---------- Working data ----------

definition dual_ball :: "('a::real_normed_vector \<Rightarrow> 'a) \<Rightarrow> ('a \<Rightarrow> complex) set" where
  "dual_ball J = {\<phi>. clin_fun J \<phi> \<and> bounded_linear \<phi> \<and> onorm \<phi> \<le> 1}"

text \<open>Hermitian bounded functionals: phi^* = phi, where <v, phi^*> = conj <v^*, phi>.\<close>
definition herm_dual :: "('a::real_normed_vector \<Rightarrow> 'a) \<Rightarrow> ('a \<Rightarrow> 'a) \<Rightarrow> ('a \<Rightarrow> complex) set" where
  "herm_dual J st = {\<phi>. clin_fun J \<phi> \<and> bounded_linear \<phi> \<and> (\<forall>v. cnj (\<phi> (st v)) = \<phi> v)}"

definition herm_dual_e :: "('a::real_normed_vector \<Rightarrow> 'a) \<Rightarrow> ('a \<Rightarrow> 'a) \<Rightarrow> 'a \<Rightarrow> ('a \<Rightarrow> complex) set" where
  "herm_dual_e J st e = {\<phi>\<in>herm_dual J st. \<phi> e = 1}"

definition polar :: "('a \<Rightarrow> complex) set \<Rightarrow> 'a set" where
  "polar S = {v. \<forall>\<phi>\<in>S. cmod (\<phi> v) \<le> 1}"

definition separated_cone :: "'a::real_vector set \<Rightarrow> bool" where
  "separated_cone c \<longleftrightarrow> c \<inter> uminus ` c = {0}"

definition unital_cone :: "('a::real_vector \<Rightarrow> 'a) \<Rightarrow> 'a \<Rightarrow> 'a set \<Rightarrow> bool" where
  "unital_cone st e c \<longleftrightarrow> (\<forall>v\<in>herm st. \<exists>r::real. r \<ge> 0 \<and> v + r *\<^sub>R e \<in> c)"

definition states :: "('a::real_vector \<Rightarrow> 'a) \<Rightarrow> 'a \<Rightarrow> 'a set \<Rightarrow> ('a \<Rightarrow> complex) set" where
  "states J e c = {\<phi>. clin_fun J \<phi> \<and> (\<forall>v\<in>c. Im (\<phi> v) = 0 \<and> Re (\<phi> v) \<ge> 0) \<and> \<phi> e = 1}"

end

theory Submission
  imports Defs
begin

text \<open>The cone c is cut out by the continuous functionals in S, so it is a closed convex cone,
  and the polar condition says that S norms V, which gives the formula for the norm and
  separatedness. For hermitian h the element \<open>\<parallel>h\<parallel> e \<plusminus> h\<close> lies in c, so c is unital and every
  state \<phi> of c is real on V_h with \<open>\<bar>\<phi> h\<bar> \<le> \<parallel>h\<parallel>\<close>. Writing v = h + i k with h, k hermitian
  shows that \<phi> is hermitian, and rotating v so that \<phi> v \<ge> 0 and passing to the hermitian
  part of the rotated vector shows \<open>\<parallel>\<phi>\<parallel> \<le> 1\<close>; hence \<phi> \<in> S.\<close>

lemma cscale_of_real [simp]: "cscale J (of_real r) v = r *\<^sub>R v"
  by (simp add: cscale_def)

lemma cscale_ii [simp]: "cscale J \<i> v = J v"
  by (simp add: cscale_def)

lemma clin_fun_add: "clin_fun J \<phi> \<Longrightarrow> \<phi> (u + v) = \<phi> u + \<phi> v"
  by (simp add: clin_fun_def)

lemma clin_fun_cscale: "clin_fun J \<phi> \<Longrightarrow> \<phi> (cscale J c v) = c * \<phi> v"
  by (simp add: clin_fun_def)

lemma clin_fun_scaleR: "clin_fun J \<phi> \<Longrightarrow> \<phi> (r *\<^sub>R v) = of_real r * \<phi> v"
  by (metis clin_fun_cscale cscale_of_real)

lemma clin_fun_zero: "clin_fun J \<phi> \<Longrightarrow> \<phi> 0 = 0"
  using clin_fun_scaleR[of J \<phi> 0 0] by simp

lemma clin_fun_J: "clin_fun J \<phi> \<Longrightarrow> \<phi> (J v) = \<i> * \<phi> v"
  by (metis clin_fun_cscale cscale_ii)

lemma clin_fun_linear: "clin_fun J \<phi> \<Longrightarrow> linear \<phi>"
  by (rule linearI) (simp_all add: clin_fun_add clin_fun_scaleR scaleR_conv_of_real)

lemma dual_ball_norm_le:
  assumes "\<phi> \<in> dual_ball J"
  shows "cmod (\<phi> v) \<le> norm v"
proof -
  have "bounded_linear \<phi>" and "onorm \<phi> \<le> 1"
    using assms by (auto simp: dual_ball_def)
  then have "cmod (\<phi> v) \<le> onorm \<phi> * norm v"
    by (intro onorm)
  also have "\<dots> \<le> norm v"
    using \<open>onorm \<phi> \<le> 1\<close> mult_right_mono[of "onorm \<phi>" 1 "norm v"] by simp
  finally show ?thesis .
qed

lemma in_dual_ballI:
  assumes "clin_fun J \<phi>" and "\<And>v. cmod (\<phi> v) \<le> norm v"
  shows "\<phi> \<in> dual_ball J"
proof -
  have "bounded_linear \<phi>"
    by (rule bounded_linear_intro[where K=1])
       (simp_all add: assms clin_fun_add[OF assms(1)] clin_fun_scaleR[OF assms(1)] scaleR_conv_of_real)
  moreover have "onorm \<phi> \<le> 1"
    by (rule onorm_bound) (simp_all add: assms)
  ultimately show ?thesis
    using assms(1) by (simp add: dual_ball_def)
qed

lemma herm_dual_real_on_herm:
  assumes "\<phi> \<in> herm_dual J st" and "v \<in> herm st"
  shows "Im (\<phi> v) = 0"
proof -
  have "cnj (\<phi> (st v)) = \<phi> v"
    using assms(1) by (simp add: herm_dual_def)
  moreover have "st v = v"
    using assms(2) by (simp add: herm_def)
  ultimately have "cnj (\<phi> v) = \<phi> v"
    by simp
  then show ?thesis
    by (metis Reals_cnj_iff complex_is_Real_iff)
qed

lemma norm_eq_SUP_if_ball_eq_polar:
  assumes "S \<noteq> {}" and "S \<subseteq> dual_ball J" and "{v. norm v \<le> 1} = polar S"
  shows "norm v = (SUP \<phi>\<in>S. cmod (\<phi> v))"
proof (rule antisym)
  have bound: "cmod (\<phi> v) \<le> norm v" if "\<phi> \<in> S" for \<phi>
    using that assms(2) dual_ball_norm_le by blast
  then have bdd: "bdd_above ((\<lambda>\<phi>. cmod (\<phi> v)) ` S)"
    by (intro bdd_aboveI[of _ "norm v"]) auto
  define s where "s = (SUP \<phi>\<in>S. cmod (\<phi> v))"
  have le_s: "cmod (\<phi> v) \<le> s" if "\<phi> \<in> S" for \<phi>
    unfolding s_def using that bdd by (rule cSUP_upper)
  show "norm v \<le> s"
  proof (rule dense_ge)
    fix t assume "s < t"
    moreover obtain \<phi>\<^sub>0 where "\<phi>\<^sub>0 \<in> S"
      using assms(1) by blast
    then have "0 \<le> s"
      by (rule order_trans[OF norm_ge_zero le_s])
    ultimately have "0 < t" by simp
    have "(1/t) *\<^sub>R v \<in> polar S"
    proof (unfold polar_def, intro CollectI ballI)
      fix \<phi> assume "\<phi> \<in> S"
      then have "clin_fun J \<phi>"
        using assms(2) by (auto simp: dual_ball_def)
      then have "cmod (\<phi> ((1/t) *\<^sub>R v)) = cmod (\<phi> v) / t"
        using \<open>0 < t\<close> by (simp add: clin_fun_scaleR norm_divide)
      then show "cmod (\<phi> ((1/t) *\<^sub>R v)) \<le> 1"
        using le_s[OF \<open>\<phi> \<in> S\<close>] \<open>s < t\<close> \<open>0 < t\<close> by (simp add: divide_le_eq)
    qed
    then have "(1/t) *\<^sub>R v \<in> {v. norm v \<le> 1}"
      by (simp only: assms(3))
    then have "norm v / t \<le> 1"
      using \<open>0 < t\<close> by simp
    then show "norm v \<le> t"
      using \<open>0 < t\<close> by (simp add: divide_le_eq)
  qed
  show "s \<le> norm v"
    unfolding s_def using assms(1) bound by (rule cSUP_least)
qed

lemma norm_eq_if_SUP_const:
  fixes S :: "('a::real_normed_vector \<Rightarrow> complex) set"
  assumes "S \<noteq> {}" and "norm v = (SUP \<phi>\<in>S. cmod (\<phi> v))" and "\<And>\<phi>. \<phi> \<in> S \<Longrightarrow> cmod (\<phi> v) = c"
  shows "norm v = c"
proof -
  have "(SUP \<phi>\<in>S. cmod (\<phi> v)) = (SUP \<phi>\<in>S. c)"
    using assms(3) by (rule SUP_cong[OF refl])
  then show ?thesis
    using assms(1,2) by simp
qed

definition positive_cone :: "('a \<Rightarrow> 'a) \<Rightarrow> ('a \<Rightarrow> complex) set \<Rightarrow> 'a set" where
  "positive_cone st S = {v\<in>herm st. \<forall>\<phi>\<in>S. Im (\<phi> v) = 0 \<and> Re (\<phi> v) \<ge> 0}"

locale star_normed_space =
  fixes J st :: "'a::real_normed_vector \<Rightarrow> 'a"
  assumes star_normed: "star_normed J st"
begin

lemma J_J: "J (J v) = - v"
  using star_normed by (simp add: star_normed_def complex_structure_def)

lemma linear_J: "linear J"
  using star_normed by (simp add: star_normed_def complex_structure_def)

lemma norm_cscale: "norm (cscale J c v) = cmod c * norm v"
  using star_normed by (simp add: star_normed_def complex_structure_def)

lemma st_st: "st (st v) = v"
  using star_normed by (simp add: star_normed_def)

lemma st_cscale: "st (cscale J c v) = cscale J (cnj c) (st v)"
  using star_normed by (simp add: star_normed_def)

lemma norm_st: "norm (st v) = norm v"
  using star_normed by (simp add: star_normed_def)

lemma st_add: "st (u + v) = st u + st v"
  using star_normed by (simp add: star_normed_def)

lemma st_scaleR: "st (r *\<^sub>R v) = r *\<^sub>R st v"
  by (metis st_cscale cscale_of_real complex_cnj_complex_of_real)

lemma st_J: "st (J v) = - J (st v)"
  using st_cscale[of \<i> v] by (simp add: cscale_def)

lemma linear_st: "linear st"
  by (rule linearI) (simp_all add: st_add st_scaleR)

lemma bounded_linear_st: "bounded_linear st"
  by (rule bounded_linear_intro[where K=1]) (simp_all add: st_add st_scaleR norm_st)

----------

__About this task__:
Output exactly the lines of the records from the first through the one bearing "and the polar", both ends included.

__Response to the task__:
definition dual_ball :: "('a::real_normed_vector \<Rightarrow> 'a) \<Rightarrow> ('a \<Rightarrow> complex) set" where
  "dual_ball J = {\<phi>. clin_fun J \<phi> \<and> bounded_linear \<phi> \<and> onorm \<phi> \<le> 1}"

text \<open>Hermitian bounded functionals: phi^* = phi, where <v, phi^*> = conj <v^*, phi>.\<close>
definition herm_dual :: "('a::real_normed_vector \<Rightarrow> 'a) \<Rightarrow> ('a \<Rightarrow> 'a) \<Rightarrow> ('a \<Rightarrow> complex) set" where
  "herm_dual J st = {\<phi>. clin_fun J \<phi> \<and> bounded_linear \<phi> \<and> (\<forall>v. cnj (\<phi> (st v)) = \<phi> v)}"

definition herm_dual_e :: "('a::real_normed_vector \<Rightarrow> 'a) \<Rightarrow> ('a \<Rightarrow> 'a) \<Rightarrow> 'a \<Rightarrow> ('a \<Rightarrow> complex) set" where
  "herm_dual_e J st e = {\<phi>\<in>herm_dual J st. \<phi> e = 1}"

definition polar :: "('a \<Rightarrow> complex) set \<Rightarrow> 'a set" where
  "polar S = {v. \<forall>\<phi>\<in>S. cmod (\<phi> v) \<le> 1}"

definition separated_cone :: "'a::real_vector set \<Rightarrow> bool" where
  "separated_cone c \<longleftrightarrow> c \<inter> uminus ` c = {0}"

definition unital_cone :: "('a::real_vector \<Rightarrow> 'a) \<Rightarrow> 'a \<Rightarrow> 'a set \<Rightarrow> bool" where
  "unital_cone st e c \<longleftrightarrow> (\<forall>v\<in>herm st. \<exists>r::real. r \<ge> 0 \<and> v + r *\<^sub>R e \<in> c)"

definition states :: "('a::real_vector \<Rightarrow> 'a) \<Rightarrow> 'a \<Rightarrow> 'a set \<Rightarrow> ('a \<Rightarrow> complex) set" where
  "states J e c = {\<phi>. clin_fun J \<phi> \<and> (\<forall>v\<in>c. Im (\<phi> v) = 0 \<and> Re (\<phi> v) \<ge> 0) \<and> \<phi> e = 1}"

end

theory Submission
  imports Defs
begin

text \<open>The cone c is cut out by the continuous functionals in S, so it is a closed convex cone,
  and the polar condition says that S norms V, which gives the formula for the norm and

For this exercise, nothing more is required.